This tutorial needs the GPU to run efficiently. Check if the GPU is available.

tf.__version__
'2.11.0'
gpus = tf.config.list_physical_devices('GPU')
gpus
[PhysicalDevice(name='/physical_device:GPU:0', device_type='GPU'),
 PhysicalDevice(name='/physical_device:GPU:1', device_type='GPU'),
 PhysicalDevice(name='/physical_device:GPU:2', device_type='GPU'),
 PhysicalDevice(name='/physical_device:GPU:3', device_type='GPU')]
assert gpus, """
  No GPU(s) found! This tutorial will take many hours to run without a GPU.

  You may hit this error if the installed tensorflow package is not
  compatible with the CUDA and CUDNN versions."""

First implement a standard BERT classifier following the classify text with BERT tutorial. We will use the BERT-base encoder, and the built-in ClassificationHead as the classifier.

Standard BERT model

Build SNGP model

To implement a BERT-SNGP model, you only need to replace the ClassificationHead with the built-in GaussianProcessClassificationHead. Spectral normalization is already pre-packaged into this classification head. Like in the SNGP tutorial, add a covariance reset callback to the model, so the model automatically reset the covariance estimator at the beginning of a new epoch to avoid counting the same data twice.

class ResetCovarianceCallback(tf.keras.callbacks.Callback):

  def on_epoch_begin(self, epoch, logs=None):
    """Resets covariance matrix at the beginning of the epoch."""
    if epoch > 0:
      self.model.classifier.reset_covariance_matrix()
class SNGPBertClassifier(BertClassifier):

  def make_classification_head(self, num_classes, inner_dim, dropout_rate):
    return layers.GaussianProcessClassificationHead(
        num_classes=num_classes, 
        inner_dim=inner_dim,
        dropout_rate=dropout_rate,
        gp_cov_momentum=-1,
        temperature=30.,
        **self.classifier_kwargs)

  def fit(self, *args, **kwargs):
    """Adds ResetCovarianceCallback to model callbacks."""
    kwargs['callbacks'] = list(kwargs.get('callbacks', []))
    kwargs['callbacks'].append(ResetCovarianceCallback())

    return super().fit(*args, **kwargs)

Load CLINC OOS dataset

Now load the CLINC OOS intent detection dataset. This dataset contains 15000 user's spoken queries collected over 150 intent classes, it also contains 1000 out-of-domain (OOD) sentences that are not covered by any of the known classes.
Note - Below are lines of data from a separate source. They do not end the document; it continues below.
lemma exists_nonneg_random_variable_with_tail:
  fixes T :: "real \<Rightarrow> real"
  assumes antimono: "\<And>x y. x \<le> y \<Longrightarrow> T y \<le> T x"
    and right_cont: "\<And>a. continuous (at_right a) T"
    and neg: "\<And>x. x < 0 \<Longrightarrow> T x = 1"
    and top: "(T \<longlongrightarrow> 0) at_top"
  obtains N :: "real measure" and Y :: "real \<Rightarrow> real"
  where "prob_space N" "Y \<in> borel_measurable N" "\<And>\<omega>. \<omega> \<in> space N \<Longrightarrow> 0 \<le> Y \<omega>"
    "\<And>x. measure N {\<omega>\<in>space N. Y \<omega> \<le> x} = 1 - T x"
    "\<And>x. measure N {\<omega>\<in>space N. x < Y \<omega>} = T x"
proof
  define F where "F x = 1 - T x" for x
  define N where "N = interval_measure F"
  have "(F \<longlongrightarrow> 0) at_bot"
    by (rule tendsto_eventually) (auto simp: F_def neg eventually_at_bot_linorder intro!: exI[of _ "-1"])
  moreover have "(F \<longlongrightarrow> 1) at_top"
    unfolding F_def using tendsto_diff[OF tendsto_const top, of 1] by simp
  moreover have "continuous (at_right a) F" for a
    unfolding F_def by (intro continuous_intros right_cont)
  moreover have F_mono: "F x \<le> F y" if "x \<le> y" for x y
    using antimono[OF that] by (simp add: F_def)
  ultimately interpret N: real_distribution N
    unfolding N_def by (intro real_distribution_interval_measure) auto
  have N_le: "measure N {..x} = F x" for x
    unfolding N_def by (rule measure_interval_measure_Iic) (use F_mono \<open>\<And>a. continuous (at_right a) F\<close>
        \<open>(F \<longlongrightarrow> 0) at_bot\<close> in auto)
  show "prob_space N" by (rule N.prob_space_axioms)
  show "(\<lambda>\<omega>. max 0 \<omega>) \<in> borel_measurable N" by (rule N.measurable_finite_borel) measurable
  show "0 \<le> max 0 \<omega>" for \<omega> :: real by simp
  show "measure N {\<omega>\<in>space N. max 0 \<omega> \<le> x} = 1 - T x" for x
  proof (cases "x < 0")
    case True
    then have "{\<omega>\<in>space N. max 0 \<omega> \<le> x} = {}" by auto
    then show ?thesis by (simp only:) (simp add: neg[OF True])
  next
    case False
    then have "{\<omega>\<in>space N. max 0 \<omega> \<le> x} = {..x}" by auto
    then show ?thesis by (simp add: N_le F_def)
  qed
  show "measure N {\<omega>\<in>space N. x < max 0 \<omega>} = T x" for x
  proof (cases "x < 0")
    case True
    then have "{\<omega>\<in>space N. x < max 0 \<omega>} = space N" by auto
    then show ?thesis using neg[OF True] N.prob_space by simp
  next
    case False
    then have "{\<omega>\<in>space N. x < max 0 \<omega>} = space N - {..x}" by auto
    then show ?thesis using N.prob_compl[of "{..x}"] by (simp add: N_le F_def)
  qed
qed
(clinc_train, clinc_test, clinc_test_oos), ds_info = tfds.load(
    'clinc_oos', split=['train', 'test', 'test_oos'], with_info=True, batch_size=-1)
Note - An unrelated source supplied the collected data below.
(* Let $B \in \mathbb{R}^{n \times m}$, $c \in \mathbb{R}^m_>$, and let $C = C_1 \times \cdots \times C_\ell \subseteq \mathbb{R}^m_>$ be a nonempty coefficient cone with cones $C_i \subseteq \mathbb{R}^{m_i}_>$, $m_1 + \cdots + m_\ell = m$. Let $P$, $D$, $L$, $I$, $M$ be as in the context, let $M^* \in \mathbb{R}^{(m-\ell)\times n}$ be any generalized inverse of $M$ (i.e. $M M^* M = M$), and set $E = I\,M^* \in \mathbb{R}^{m \times n}$. Then the solution set \[ Z_c = \{ x \in \mathbb{R}^n_> \mid (c \circ x^B) \in C \} \] can be written as \[ Z_c = \{ (y \circ c^{-1})^E \mid y \in Y_c \} \circ e^{L^\perp}, \qquad Y_c = \{ y \in P \mid y^z = c^z \text{ for all } z \in D \}. \]
   Context: Notation: $\mathbb{R}_>$ denotes the positive reals. For $x \in \mathbb{R}^n_>$ and $y \in \mathbb{R}^n$, $x^y = \prod_{i=1}^n x_i^{y_i}$; for $Y = (y^1,\ldots,y^m) \in \mathbb{R}^{n\times m}$, $x^Y \in \mathbb{R}^m_>$ is given by $(x^Y)_j = x^{y^j}$. The symbol $\circ$ denotes the componentwise product, $c^{-1}$ the componentwise inverse, and for a set $S \subseteq \mathbb{R}^n_>$ and a subspace $V$, $S \circ e^{V} = \{ s \circ e^v \mid s \in S, v \in V\}$ with $e^v$ componentwise. A cone here means a set closed under multiplication by positive scalars. The partition $m = m_1+\cdots+m_\ell$ splits indices $\{1,\ldots,m\}$ into $\ell$ consecutive classes, correspondingly $B = (B_1 \ \cdots\ B_\ell)$ with $B_i \in \mathbb{R}^{n\times m_i}$. Definitions: $\Delta = \Delta_{m_1-1}\times\cdots\times\Delta_{m_\ell-1}$ with $\Delta_{m_i-1} = \{ y \in \mathbb{R}^{m_i}_{\ge} \mid \sum_j y_j = 1\}$; the coefficient set is $P = C \cap \Delta$. For $k \ge 1$, $I_k = \begin{pmatrix} \mathrm{id}_{k-1} \\ -1_{k-1}^{\mathsf T}\end{pmatrix} \in \mathbb{R}^{k\times(k-1)}$, and $I = \mathrm{diag}(I_{m_1},\ldots,I_{m_\ell}) \in \mathbb{R}^{m\times(m-\ell)}$ is block-diagonal. $M = B\,I \in \mathbb{R}^{n\times(m-\ell)}$, the monomial difference subspace is $L = \operatorname{im} M \subseteq \mathbb{R}^n$, and $L^\perp$ its orthogonal complement. $J = \mathrm{diag}(1_{m_1}^{\mathsf T},\ldots,1_{m_\ell}^{\mathsf T}) \in \mathbb{R}^{\ell\times m}$ is block-diagonal, $\mathcal{B} = \begin{pmatrix} B \\ J\end{pmatrix} \in \mathbb{R}^{(n+\ell)\times m}$, and the monomial dependency subspace is $D = \ker \mathcal{B} \subseteq \mathbb{R}^m$. *)

theory Defs
  imports Complex_Main
begin

text \<open>Vectors in R^n are functions nat => real vanishing at indices >= n;
  matrices are functions nat => nat => real used only on the index ranges given.\<close>

definition vecs :: "nat \<Rightarrow> (nat \<Rightarrow> real) set" where
  "vecs n = {v. \<forall>i\<ge>n. v i = 0}"

definition posvecs :: "nat \<Rightarrow> (nat \<Rightarrow> real) set" where
  "posvecs n = {v \<in> vecs n. \<forall>i<n. v i > 0}"

definition is_cone :: "(nat \<Rightarrow> real) set \<Rightarrow> bool" where
  "is_cone S \<longleftrightarrow> (\<forall>v\<in>S. \<forall>t::real. t > 0 \<longrightarrow> (\<lambda>i. t * v i) \<in> S)"

definition bstart :: "nat list \<Rightarrow> nat \<Rightarrow> nat" where
  "bstart ms k = sum_list (take k ms)"

definition blockv :: "nat list \<Rightarrow> nat \<Rightarrow> (nat \<Rightarrow> real) \<Rightarrow> (nat \<Rightarrow> real)" where
  "blockv ms k y = (\<lambda>a. if a < ms ! k then y (bstart ms k + a) else 0)"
Make the train and test data.

train_examples = clinc_train['text']
train_labels = clinc_train['intent']

# Makes the in-domain (IND) evaluation data.
ind_eval_data = (clinc_test['text'], clinc_test['intent'])

Create a OOD evaluation dataset. For this, combine the in-domain test data clinc_test and the out-of-domain data clinc_test_oos. We will also assign label 0 to the in-domain examples, and label 1 to the out-of-domain examples.

test_data_size = ds_info.splits['test'].num_examples
oos_data_size = ds_info.splits['test_oos'].num_examples

# Combines the in-domain and out-of-domain test examples.
oos_texts = tf.concat([clinc_test['text'], clinc_test_oos['text']], axis=0)
oos_labels = tf.constant([0] * test_data_size + [1] * oos_data_size)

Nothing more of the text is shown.